Prime Minister Scott Morrison believes that the 26,700 people who registered in September for assistance to return to Australia should be back by December. But he said that the cap placed on hotel quarantine by the state and territory governments to protect the health of Australians has “constricted” the progress.

“The National Cabinet, all the premiers and I agree that we don’t want to put too much pressure on that system because we want to maintain the health situation,” Morrison told 4BC radio.

Now the Federal Health Minister Greg Hunt has confirmed that the Howard Springs quarantine facility near Darwin in the Northern Territory will double its capacity to 1000.

Hunt praised Australia’s efforts in containing the virus, pointing out the world has just marked a grim record of 12,000 lives lost in one day.

“The outside world is not a safe place,” he told reporters in Canberra on Friday. “As we head towards December and Christmas, there will be outbreaks inevitably in Australia whilst we’re in contact with a world that has more than half a million cases a day.”

But the opposition Labor Party want the federal government to stop pointing to the limited capacity of state-run hotel quarantine programs and do more.

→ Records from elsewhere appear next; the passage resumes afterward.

(* Let $f=\sum_{P\in\mathcal{M}} a_P x^P$ be a nonzero real polynomial in $x_1,\ldots,x_n$, where $\mathcal{M}\subseteq\mathbb{N}^n$ is the set of exponent vectors of monomials occurring in $f$ (so $a_P\neq 0$ for $P\in\mathcal{M}$). Then for every integer $k\ge 0$, $$\dim \partial^{=k} f \geq \frac{\sum_{P \in \mathcal{M}} \binom{\sup(P)}{k}a_P^2}{|\mathcal{M}|\sum_{P \in \mathcal{M}} a_P^2}.$$
   Context: For $\alpha\in\mathbb{N}^n$, $x^\alpha = x_1^{\alpha_1}\cdots x_n^{\alpha_n}/(\alpha_1!\cdots\alpha_n!)$ (scaled monomial basis); the coefficients $a_P$ are with respect to this basis. $\sup(P)$ is the number of indices $i$ with $P_i>0$. For $\beta\in\mathbb{N}^n$, $\partial_\beta f$ is the partial derivative differentiating $\beta_i$ times with respect to $x_i$; $\partial^{=k} f$ is the real linear span of all $\partial_\beta f$ with $\beta_1+\cdots+\beta_n=k$. *)

theory Defs
  imports Complex_Main "HOL-Library.Function_Algebras"
begin

text \<open>A real polynomial in the variables indexed by the finite type 'n is represented
by its coefficient function a :: ('n => nat) => real with respect to the scaled
monomial basis x^P = prod x_i^(P i) / P i!, with finite support.\<close>

type_synonym 'n rpoly = "('n \<Rightarrow> nat) \<Rightarrow> real"

text \<open>Partial derivative d_beta: since d_beta (x^P) = x^(P-beta) for beta <= P and 0 otherwise
in the scaled basis, the coefficient of x^Q in d_beta f is a(Q + beta).\<close>
definition pderiv_multi :: "('n \<Rightarrow> nat) \<Rightarrow> 'n rpoly \<Rightarrow> 'n rpoly" where
  "pderiv_multi \<beta> a = (\<lambda>Q. a (\<lambda>i. Q i + \<beta> i))"

definition rpoly_scale :: "real \<Rightarrow> 'n rpoly \<Rightarrow> 'n rpoly" where
  "rpoly_scale c a = (\<lambda>Q. c * a Q)"

definition derivs_order :: "nat \<Rightarrow> ('n::finite) rpoly \<Rightarrow> 'n rpoly set" where
  "derivs_order k a = {pderiv_multi \<beta> a | \<beta>. (\<Sum>i\<in>UNIV. \<beta> i) = k}"

definition dim_derivs :: "nat \<Rightarrow> ('n::finite) rpoly \<Rightarrow> nat" where
  "dim_derivs k a = vector_space.dim rpoly_scale (derivs_order k a)"

definition supp_size :: "('n::finite \<Rightarrow> nat) \<Rightarrow> nat" where
  "supp_size P = card {i. P i > 0}"

end

theory Submission
  imports Defs "HOL-Library.FuncSet"
begin

text \<open>For every \<open>P \<in> M\<close> and every \<open>k\<close>-subset \<open>A\<close> of the support of \<open>P\<close>, the derivative
  \<open>\<partial>\<^sub>\<beta> f\<close> with \<open>\<beta>\<close> the indicator of \<open>A\<close> contains \<open>x\<^sup>P\<^sup>-\<^sup>\<beta>\<close> with coefficient \<open>a\<^sub>P \<noteq> 0\<close>.
  These \<open>(sup P choose k)\<close> distinct monomials must all occur in some element of a basis of
  \<open>\<partial>\<^sup>=\<^sup>k f\<close>, and each derivative of \<open>f\<close> has at most \<open>|M|\<close> monomials, so
  \<open>(sup P choose k) \<le> dim \<partial>\<^sup>=\<^sup>k f \<cdot> |M|\<close> for every \<open>P \<in> M\<close>. The claimed bound is a weighted
  average of these inequalities.\<close>

lemma vector_space_rpoly_scale: "vector_space (rpoly_scale :: real \<Rightarrow> 'n rpoly \<Rightarrow> 'n rpoly)"
  by unfold_locales (auto simp: rpoly_scale_def algebra_simps fun_eq_iff)

lemma span_coeff_nonzero_imp_generator:
  fixes B :: "'n rpoly set"
  assumes "v \<in> module.span rpoly_scale B" and "v Q \<noteq> 0"
  shows "\<exists>b\<in>B. b Q \<noteq> 0"
proof (rule ccontr)
  interpret vector_space "rpoly_scale :: real \<Rightarrow> 'n rpoly \<Rightarrow> 'n rpoly"
    by (rule vector_space_rpoly_scale)
  assume vanish: "\<not> (\<exists>b\<in>B. b Q \<noteq> 0)"
  have "v Q = 0" using assms(1)
  proof (induct rule: span_induct_alt)
    case (step c x y)
    then show ?case using vanish by (auto simp: rpoly_scale_def)
  qed simp
  with assms(2) show False by simp
qed

lemma finite_derivs_order:
  fixes a :: "('n::finite \<Rightarrow> nat) \<Rightarrow> real"
  shows "finite (derivs_order k a)"
proof -
  have "{\<beta>::'n \<Rightarrow> nat. (\<Sum>i\<in>UNIV. \<beta> i) = k} \<subseteq> {\<beta>. \<forall>i. \<beta> i \<le> k}"
    by (auto intro: member_le_sum)
  also have "\<dots> = PiE UNIV (\<lambda>_. {..k})"
    by (auto simp: PiE_UNIV_domain)
  finally have "finite {\<beta>::'n \<Rightarrow> nat. (\<Sum>i\<in>UNIV. \<beta> i) = k}"
    by (rule finite_subset) (simp add: finite_PiE)
  moreover have "derivs_order k a = (\<lambda>\<beta>. pderiv_multi \<beta> a) ` {\<beta>. (\<Sum>i\<in>UNIV. \<beta> i) = k}"
    by (auto simp: derivs_order_def)
  ultimately show ?thesis by simp
qed

lemma
  assumes "finite {P. a P \<noteq> 0}"
  shows finite_support_pderiv_multi: "finite {Q. pderiv_multi \<beta> a Q \<noteq> 0}"
    and card_support_pderiv_multi_le: "card {Q. pderiv_multi \<beta> a Q \<noteq> 0} \<le> card {P. a P \<noteq> 0}"
proof -
  let ?shift = "\<lambda>Q. (\<lambda>i. Q i + \<beta> i)"
  have inj: "inj_on ?shift {Q. pderiv_multi \<beta> a Q \<noteq> 0}"
    by (auto simp: inj_on_def fun_eq_iff)
  have sub: "?shift ` {Q. pderiv_multi \<beta> a Q \<noteq> 0} \<subseteq> {P. a P \<noteq> 0}"
    by (auto simp: pderiv_multi_def)
  show "finite {Q. pderiv_multi \<beta> a Q \<noteq> 0}"
    using finite_imageD[OF finite_subset[OF sub assms] inj] .
  show "card {Q. pderiv_multi \<beta> a Q \<noteq> 0} \<le> card {P. a P \<noteq> 0}"
    using card_inj_on_le[OF inj sub assms] .
qed

lemma card_support_union_le:
  assumes "finite {P. a P \<noteq> 0}" and "finite B" and "B \<subseteq> derivs_order k a"
  shows "card (\<Union>b\<in>B. {Q. b Q \<noteq> 0}) \<le> card B * card {P. a P \<noteq> 0}"
proof -
  have "card (\<Union>b\<in>B. {Q. b Q \<noteq> 0}) \<le> (\<Sum>b\<in>B. card {Q. b Q \<noteq> 0})"
    using assms(2) by (rule card_UN_le)
  also have "\<dots> \<le> (\<Sum>b\<in>B. card {P. a P \<noteq> 0})"
    using assms(3) card_support_pderiv_multi_le[OF assms(1)]
    by (intro sum_mono) (auto simp: derivs_order_def)
  finally show ?thesis by simp
qed

lemma supp_size_choose_le_card_support_span:
  fixes a :: "('n::finite \<Rightarrow> nat) \<Rightarrow> real"
  assumes "a P \<noteq> 0" and "derivs_order k a \<subseteq> module.span rpoly_scale B"
    and "finite (\<Union>b\<in>B. {Q. b Q \<noteq> 0})"
  shows "supp_size P choose k \<le> card (\<Union>b\<in>B. {Q. b Q \<noteq> 0})"
proof -
  define F where "F = {A. A \<subseteq> {i. P i > 0} \<and> card A = k}"
  define ind where "ind A = (\<lambda>i. if i \<in> A then 1 else (0::nat))" for A :: "'n set"
  have "inj_on (\<lambda>A i. P i - ind A i) F"
  proof (rule inj_onI)
    fix A A' assume "A \<in> F" "A' \<in> F" "(\<lambda>i. P i - ind A i) = (\<lambda>i. P i - ind A' i)"
    moreover have "i \<in> A \<longleftrightarrow> P i - ind A i < P i" if "A \<in> F" for A i
      using that by (auto simp: ind_def F_def)
    ultimately show "A = A'" by (metis subsetI subset_antisym)
  qed
  moreover have "(\<lambda>A i. P i - ind A i) ` F \<subseteq> (\<Union>b\<in>B. {Q. b Q \<noteq> 0})"
  proof clarify
    fix A assume A: "A \<in> F"
    then have "pderiv_multi (ind A) a \<in> derivs_order k a"
      by (auto simp: derivs_order_def F_def ind_def sum.If_cases)
    moreover have "(\<lambda>i. (P i - ind A i) + ind A i) = P"
      using A by (auto simp: fun_eq_iff ind_def F_def)
    then have "pderiv_multi (ind A) a (\<lambda>i. P i - ind A i) \<noteq> 0"
      using assms(1) by (simp add: pderiv_multi_def)
    ultimately show "(\<lambda>i. P i - ind A i) \<in> (\<Union>b\<in>B. {Q. b Q \<noteq> 0})"
      using assms(2) span_coeff_nonzero_imp_generator by blast
  qed
  ultimately have "card F \<le> card (\<Union>b\<in>B. {Q. b Q \<noteq> 0})"
    using assms(3) by (rule card_inj_on_le)
  moreover have "card F = supp_size P choose k"
    unfolding F_def supp_size_def by (rule n_subsets) simp
  ultimately show ?thesis by simp
qed

lemma supp_size_choose_le_dim_derivs:
  fixes a :: "('n::finite \<Rightarrow> nat) \<Rightarrow> real"
  assumes "finite {P. a P \<noteq> 0}" and "a P \<noteq> 0"
  shows "supp_size P choose k \<le> dim_derivs k a * card {P. a P \<noteq> 0}"
proof -
  interpret vector_space "rpoly_scale :: real \<Rightarrow> 'n rpoly \<Rightarrow> 'n rpoly"
    by (rule vector_space_rpoly_scale)
  obtain B where B: "B \<subseteq> derivs_order k a" "independent B"
      "derivs_order k a \<subseteq> span B" "card B = dim (derivs_order k a)"
    by (rule basis_exists)
  have "finite B" using B(1) finite_derivs_order finite_subset by blast
  moreover have "finite (\<Union>b\<in>B. {Q. b Q \<noteq> 0})"
    using \<open>finite B\<close> B(1) finite_support_pderiv_multi[OF assms(1)]
    by (auto simp: derivs_order_def)
  ultimately show ?thesis
    using supp_size_choose_le_card_support_span[OF assms(2) B(3)]
      card_support_union_le[OF assms(1) _ B(1)] B(4)
    by (fastforce simp: dim_derivs_def)
qed

lemma weighted_average_div_card_le:
  fixes c w :: "'a \<Rightarrow> real" and D :: real
  assumes "finite M" and "M \<noteq> {}" and "\<And>x. x \<in> M \<Longrightarrow> w x > 0"
    and "\<And>x. x \<in> M \<Longrightarrow> c x \<le> D * card M"
  shows "(\<Sum>x\<in>M. c x * w x) / (card M * (\<Sum>x\<in>M. w x)) \<le> D"
proof -
  have "(\<Sum>x\<in>M. w x) > 0" and "real (card M) > 0"
    using assms(1-3) by (auto intro: sum_pos simp: card_gt_0_iff)
  moreover have "(\<Sum>x\<in>M. c x * w x) \<le> (\<Sum>x\<in>M. D * card M * w x)"
    using assms(3,4) by (intro sum_mono mult_right_mono) (auto intro: less_imp_le)
  then have "(\<Sum>x\<in>M. c x * w x) \<le> D * (card M * (\<Sum>x\<in>M. w x))"
    by (simp add: sum_distrib_left sum_distrib_right mult_ac)
  ultimately show ?thesis
    by (simp add: divide_le_eq)
qed

theorem theorem3:
  fixes a :: "('n::finite \<Rightarrow> nat) \<Rightarrow> real" and k :: nat
  assumes fin: "finite {P. a P \<noteq> 0}"
    and nonzero: "{P. a P \<noteq> 0} \<noteq> {}"
  shows "real (dim_derivs k a) \<ge>
    (\<Sum>P\<in>{P. a P \<noteq> 0}. real (supp_size P choose k) * (a P)\<^sup>2) /
    (real (card {P. a P \<noteq> 0}) * (\<Sum>P\<in>{P. a P \<noteq> 0}. (a P)\<^sup>2))"
proof (rule weighted_average_div_card_le[OF fin nonzero])
  fix P assume "P \<in> {P. a P \<noteq> 0}"
  then have "a P \<noteq> 0" by simp
  then show "(a P)\<^sup>2 > 0" by simp
  from \<open>a P \<noteq> 0\<close> have "supp_size P choose k \<le> dim_derivs k a * card {P. a P \<noteq> 0}"
    by (rule supp_size_choose_le_dim_derivs[OF fin])
  then show "real (supp_size P choose k) \<le> real (dim_derivs k a) * real (card {P. a P \<noteq> 0})"
    unfolding of_nat_mult[symmetric] of_nat_le_iff .
qed

end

While welcoming the news about the Howard Springs facility, Labor Opposition Leader Anthony Albanese has reportedly accused the Morrison government of “complacency,” according to News Corp’s The Australian.

“We have a prime minister who does not accept responsibility for the things that he is in control of, which according to our constitution include… our national borders, but also includes control of quarantine,” he said.

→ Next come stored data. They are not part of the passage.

lemma Q0_Q0_inverse: "Q z0 (Q0_inverse k) = k"
proof -
  define u where "u = Sinv k"
  define y where "y = At0_solve (- A0 (G0 u))"
  define x where "x = G0 u + y"
  have "Pc (A0 y) = - Pc (A0 (G0 u))"
    using At0_solve[of "- A0 (G0 u)"] At0_on_range_Pc
    by (simp add: y_def clinear_minus[OF Pc_clinear])
  then have "Pc (A0 x) = 0"
    by (simp add: x_def clinear_add[OF A0_clinear] clinear_add[OF Pc_clinear])
  then have A0x: "A0 x = G0 (Q0_inverse k)"
    by (simp add: Pc_def P_apply Q0_inverse_def x_def y_def u_def)
  have "R0 (G0 (Q0_inverse k)) = x" using R0(1) A0x[symmetric] by (simp add: is_resolvent_def A0_def)
  then have "Q z0 (Q0_inverse k) = G0p (G0 u) + G0p y"
    by (simp add: Q_apply x_def clinear_add[OF G0p_clinear])
  also have "G0p y = 0" using At0_solve(1)[of "- A0 (G0 u)"] G0p_Pc by (auto simp: y_def)
  finally show ?thesis by (simp add: u_def Sinv)
qed

lemma Q0_inverse_Q0: "Q0_inverse (Q z0 h) = h"
  using Q0_injective[of "Q0_inverse (Q z0 h) - h"]
  by (simp add: clinear_diff[OF Q0_clinear] Q0_Q0_inverse)

lemma Q0_inverse_norm_bounded: "norm_bounded Q0_inverse"
proof -
  have A0: "norm_bounded A0"
    using norm_bounded_diff[OF bop_norm_bounded[OF A_bop] norm_bounded_scale[OF norm_bounded_id, of z0]]
    by (simp add: A0_def[abs_def])
  have GS: "norm_bounded (\<lambda>k. G0 (Sinv k))"
    by (rule norm_bounded_comp[OF bop_norm_bounded[OF G0_bounded] bop_norm_bounded[OF Sinv(1)]])
  have "norm_bounded (\<lambda>k. At0_solve (- A0 (G0 (Sinv k))))"
    by (rule norm_bounded_comp[OF At0_solve_norm_bounded norm_bounded_minus[OF norm_bounded_comp[OF A0 GS]]])
  then have "norm_bounded (\<lambda>k. A0 (G0 (Sinv k) + At0_solve (- A0 (G0 (Sinv k)))))"
    by (rule norm_bounded_comp[OF A0 norm_bounded_add[OF GS]])
  then show ?thesis
    unfolding Q0_inverse_def[abs_def]
    by (intro norm_bounded_comp[OF bop_norm_bounded[OF Sinv(1)]]
        norm_bounded_comp[OF bop_norm_bounded[OF G0p(1)]])
qed

abbreviation "Qi0 \<equiv> inv (Q z0)"

lemma Qi0: "Q z0 (Qi0 k) = k" "Qi0 (Q z0 h) = h" "clinear Qi0" "bop Qi0"
proof -
  have eq: "Qi0 = Q0_inverse" using Q0_inverse_Q0 Q0_Q0_inverse by (rule inv_eq_two_sided)
  show "Q z0 (Qi0 k) = k" "Qi0 (Q z0 h) = h" by (simp_all add: eq Q0_Q0_inverse Q0_inverse_Q0)
  show lin: "clinear Qi0"
    using Q0_clinear by (rule clinear_inverse) (simp_all add: eq Q0_Q0_inverse Q0_inverse_Q0)
  show "bop Qi0" using lin Q0_inverse_norm_bounded by (simp add: eq bopI)
qed
text \<open>Edges are the elements of a finite type 'e (so m = CARD('e)), faces the elements of a
  finite type 'f.  The map side f k (k = 0,1,2) gives the edge on the k-th side of face f.\<close>

definition incid :: "('f \<Rightarrow> nat \<Rightarrow> 'e) \<Rightarrow> 'e \<Rightarrow> ('f \<times> nat) set" where
  "incid side i = {(f, k). k < 3 \<and> side f k = i}"

definition triangulated_surface :: "('f::finite \<Rightarrow> nat \<Rightarrow> 'e::finite) \<Rightarrow> bool" where
  "triangulated_surface side \<longleftrightarrow>
     (\<forall>f. distinct [side f 0, side f 1, side f 2]) \<and>
     (\<forall>i. card (incid side i) = 1 \<or> card (incid side i) = 2)"

definition faces_adjacent :: "('f \<Rightarrow> nat \<Rightarrow> 'e) \<Rightarrow> 'f \<Rightarrow> 'f \<Rightarrow> bool" where
  "faces_adjacent side f g \<longleftrightarrow> (\<exists>k<3. \<exists>l<3. side f k = side g l)"

definition connected_surface :: "('f \<Rightarrow> nat \<Rightarrow> 'e) \<Rightarrow> bool" where
  "connected_surface side \<longleftrightarrow> (\<forall>f g. (faces_adjacent side)\<^sup>*\<^sup>* f g)"

definition strict_triangle :: "real \<Rightarrow> real \<Rightarrow> real \<Rightarrow> bool" where
  "strict_triangle a b c \<longleftrightarrow> a < b + c \<and> b < a + c \<and> c < a + b"

definition Omega_u :: "('f \<Rightarrow> nat \<Rightarrow> 'e::finite) \<Rightarrow> (real^'e) set" where
  "Omega_u side = {u. (\<forall>i. u$i > 0) \<and> (\<Sum>i\<in>UNIV. u$i) = real CARD('e) \<and>
      (\<forall>f. strict_triangle (sqrt (u$side f 0)) (sqrt (u$side f 1)) (sqrt (u$side f 2)))}"

definition edge_len :: "real^'e \<Rightarrow> 'e \<Rightarrow> real" where
  "edge_len u i = sqrt (2 * u$i)"

definition opp_angle :: "('f \<Rightarrow> nat \<Rightarrow> 'e) \<Rightarrow> real^'e \<Rightarrow> 'f \<Rightarrow> nat \<Rightarrow> real" where
  "opp_angle side u f k =
     (let a = edge_len u (side f k);
          b = edge_len u (side f ((k + 1) mod 3));
          c = edge_len u (side f ((k + 2) mod 3))
      in arccos ((b\<^sup>2 + c\<^sup>2 - a\<^sup>2) / (2 * b * c)))"

definition cot_weight :: "('f::finite \<Rightarrow> nat \<Rightarrow> 'e) \<Rightarrow> real^'e \<Rightarrow> 'e \<Rightarrow> real" where
  "cot_weight side u i = (1/2) * (\<Sum>(f, k)\<in>incid side i. cot (opp_angle side u f k))"

definition is_energy :: "('f::finite \<Rightarrow> nat \<Rightarrow> 'e::finite) \<Rightarrow> real^'e \<Rightarrow> (real^'e \<Rightarrow> real) \<Rightarrow> bool" where
  "is_energy side wbar E \<longleftrightarrow>
     (\<forall>u\<in>Omega_u side. \<forall>\<gamma>::real \<Rightarrow> real^'e.
        \<gamma> piecewise_C1_differentiable_on {0..1} \<and> \<gamma> ` {0..1} \<subseteq> Omega_u side \<and>
        \<gamma> 0 = vec 1 \<and> \<gamma> 1 = u \<longrightarrow>
        ((\<lambda>t. \<Sum>i\<in>UNIV. (wbar$i - cot_weight side (\<gamma> t) i) * (vector_derivative \<gamma> (at t))$i)
           has_integral E u) {0..1})"

end

theory Submission
  imports Defs
begin

text \<open>
  In the coordinates u = d^2/2 a triangle with values (a, b, c) has
  cot(angle opposite a) = (b + c - a) / sqrt Q(a,b,c), where Q(a,b,c) = 2(ab+bc+ca) - a^2 - b^2 - c^2
  is Heron's form (Q = 4 area^2).  Q is a Lorentzian quadratic form on R^3, so on its future cone
  the reversed Cauchy-Schwarz inequality  B(x,y) >= sqrt Q(x) sqrt Q(y)  holds for the polar form B,
  with equality only for proportional vectors.  This makes the face pairing
  sum_k (cot_k(x) - cot_k(y)) (y_k - x_k) = (B - sqrt Q(x) sqrt Q(y)) (1/sqrt Q(x) + 1/sqrt Q(y))
  nonnegative; summing over faces, the weight map w is monotone:  <w(x) - w(y), y - x> >= 0,
  and equality forces x, y to be proportional on every face, hence equal (the surface is connected
  and both are normalised by sum u = m).  Since Omega_u is convex, the energy difference along the
  segment from ubar to u is the integral of g(s) = <w(ubar) - w(ubar + s(u - ubar)), u - ubar>,
  which is nondecreasing with g(0) = 0 and g(1/2) > 0 unless u = ubar.
\<close>

text \<open>Heron's form: for edge data u = d^2/2 of a triangle it equals 4 area^2.\<close>
definition heron_form :: "real \<Rightarrow> real \<Rightarrow> real \<Rightarrow> real" where
  "heron_form a b c = 2*(a*b + b*c + c*a) - a^2 - b^2 - c^2"

text \<open>The symmetric bilinear form with heron_polar x x = heron_form x.\<close>
definition heron_polar :: "real \<Rightarrow> real \<Rightarrow> real \<Rightarrow> real \<Rightarrow> real \<Rightarrow> real \<Rightarrow> real" where
  "heron_polar a0 a1 a2 b0 b1 b2 = (a0 + a1 + a2) * (b0 + b1 + b2) - 2*(a0*b0 + a1*b1 + a2*b2)"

Albanese wants Air Force jets to bring people home to an expanded quarantine system that uses federal resources to bolster its capacity. But additional flights out of the UK and India are already organised to help people come back to Australia.

Staff prepare to enter QF6034 from Delhi, India via the airbridge after it landed at Canberra Airport on May 15, 2020 in Canberra, Australia. (Rohan Thomson/Getty Images)
Staff prepare to enter QF6034 from Delhi, India via the airbridge after it landed at Canberra Airport on May 15, 2020 in Canberra, Australia. (Rohan Thomson/Getty Images)

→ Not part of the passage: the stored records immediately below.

lemma homology_iso_gen:
  "homology_iso n m i j d (if generator_degree j d then UNIV else ({0} :: 'k::comm_ring_1 set))"
proof -
  have gen: "\<exists>a. (\<lambda>q. c q - a * gen_cycle j d q) \<in> boundaries n m i j d"
    if "c \<in> cycles n m i j d" for c :: "path \<Rightarrow> 'k"
  proof -
    have c: "homog j d c" "bd c = (\<lambda>q. 0)" using that by (simp_all add: cycles_iff_homog)
    obtain N where "\<forall>p. c p \<noteq> 0 \<longrightarrow> length p < N"
      using finsupp_length_bound homog_finsupp[OF c(1)] by blast
    then obtain a b where b: "homog j (d + 1) b" "c = (\<lambda>q. a * gen_cycle j d q + bd b q)"
      using cycle_classify[OF c] by blast
    then have "(\<lambda>q. c q - a * gen_cycle j d q) = bd b" by (simp add: fun_eq_iff)
    then show ?thesis using b(1) by (auto simp: boundaries_iff_homog)
  qed
  show ?thesis
  proof (cases "generator_degree j d")
    case True
    have z: "gen_cycle j d \<in> cycles n m i j d"
      by (simp add: cycles_iff_homog homog_gen_cycle bd_gen_cycle)
    have free: "a = 0" if "(\<lambda>q. a * gen_cycle j d q) \<in> boundaries n m i j d" for a :: 'k
      using that True gen_cycle_not_boundary by (auto simp: boundaries_iff_homog)
    show ?thesis using homology_iso_UNIV[OF z gen free] True by simp
  next
    case False
    then have "gen_cycle j d = (\<lambda>q. 0 :: 'k)" by (simp add: gen_cycle_def)
    then have "homology_iso n m i j d ({0} :: 'k set)"
      using gen by (intro homology_iso_zero) simp
    then show ?thesis using False by simp
  qed
qed

lemma generator_degree_polyk:
  "(if generator_degree j d then UNIV else {0}) =
     (if j = i then (polyk (int n - 2) d :: 'k::comm_ring_1 set)
      else if j = i + 1 \<and> 1 \<le> i \<and> i \<le> m - 1 then polyk (int n - 2) d
      else if i = m \<and> j = 1 then polyk (int n - 2) (d - (int n - int m))
      else {0})"
proof (cases "j = i")
  case True
  then show ?thesis by (simp add: generator_degree_def polyk_def base_deg_def)
next
  case j_i: False
  have nxt_iff: "j = nxt \<longleftrightarrow> (j = i + 1 \<and> 1 \<le> i \<and> i \<le> m - 1) \<or> (i = m \<and> j = 1)"
    using i_ge_1 i_le_m m_ge_3 by (auto simp: nxt_def)
  show ?thesis
  proof (cases "j = nxt")
    case True
    have "base_deg j = (if i < m then 0 else int n - int m)"
      using True nxt_neq i_ge_1 i_le_m m_ge_3 by (auto simp: base_deg_def nxt_def gdeg_def)
    then show ?thesis
      using True j_i nxt_iff i_le_m m_ge_3 by (auto simp: generator_degree_def polyk_def)
  next
    case False
    then have "\<not> (j = i + 1 \<and> 1 \<le> i \<and> i \<le> m - 1)" "\<not> (i = m \<and> j = 1)"
      using nxt_iff by blast+
    then show ?thesis using False j_i by (auto simp: generator_degree_def)
  qed
qed

end

theorem mainTheorem2:
  fixes n m i j :: nat and d :: int
  assumes "n \<ge> 3" and "m \<ge> 3"
    and "1 \<le> i" and "i \<le> m" and "1 \<le> j" and "j \<le> m"
  shows "homology_iso n m i j d
           (if j = i then (polyk (int n - 2) d :: 'k::comm_ring_1 set)
            else if j = i + 1 \<and> 1 \<le> i \<and> i \<le> m - 1 then polyk (int n - 2) d
            else if i = m \<and> j = 1 then polyk (int n - 2) (d - (int n - int m))
            else {0})"
proof -
  interpret source_vertex n m i using assms by unfold_locales
  show ?thesis using homology_iso_gen[of j d] by (simp only: generator_degree_polyk)
qed

end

“We’ve organised almost 70 facilitated flights over the course of the year and we’re getting Australians home,” Morrison said. “But every time we get one home, we get another one extra who wants to come.”

“We’re meeting the amounts that we hope to achieve by Christmas. It’s just that more people are looking to come home,” he said.

Morrison said Services Australia has been helping the Department of Foreign Affairs and Trade with this task. “They’re contacting all the people overseas who’ve given us their details just to check on them, to see if any of their plans have changed,” Morrison said.

Some people who registered their wish to be repatriated have changed their minds and said they can return in 2021, while others have said their need to return has become “even more urgent,” the prime minister said.

The federal government has spent about $10 million to assist stranded Australians with things like accommodation or emergency assistance. Morrison said this was about $4,000 each on average.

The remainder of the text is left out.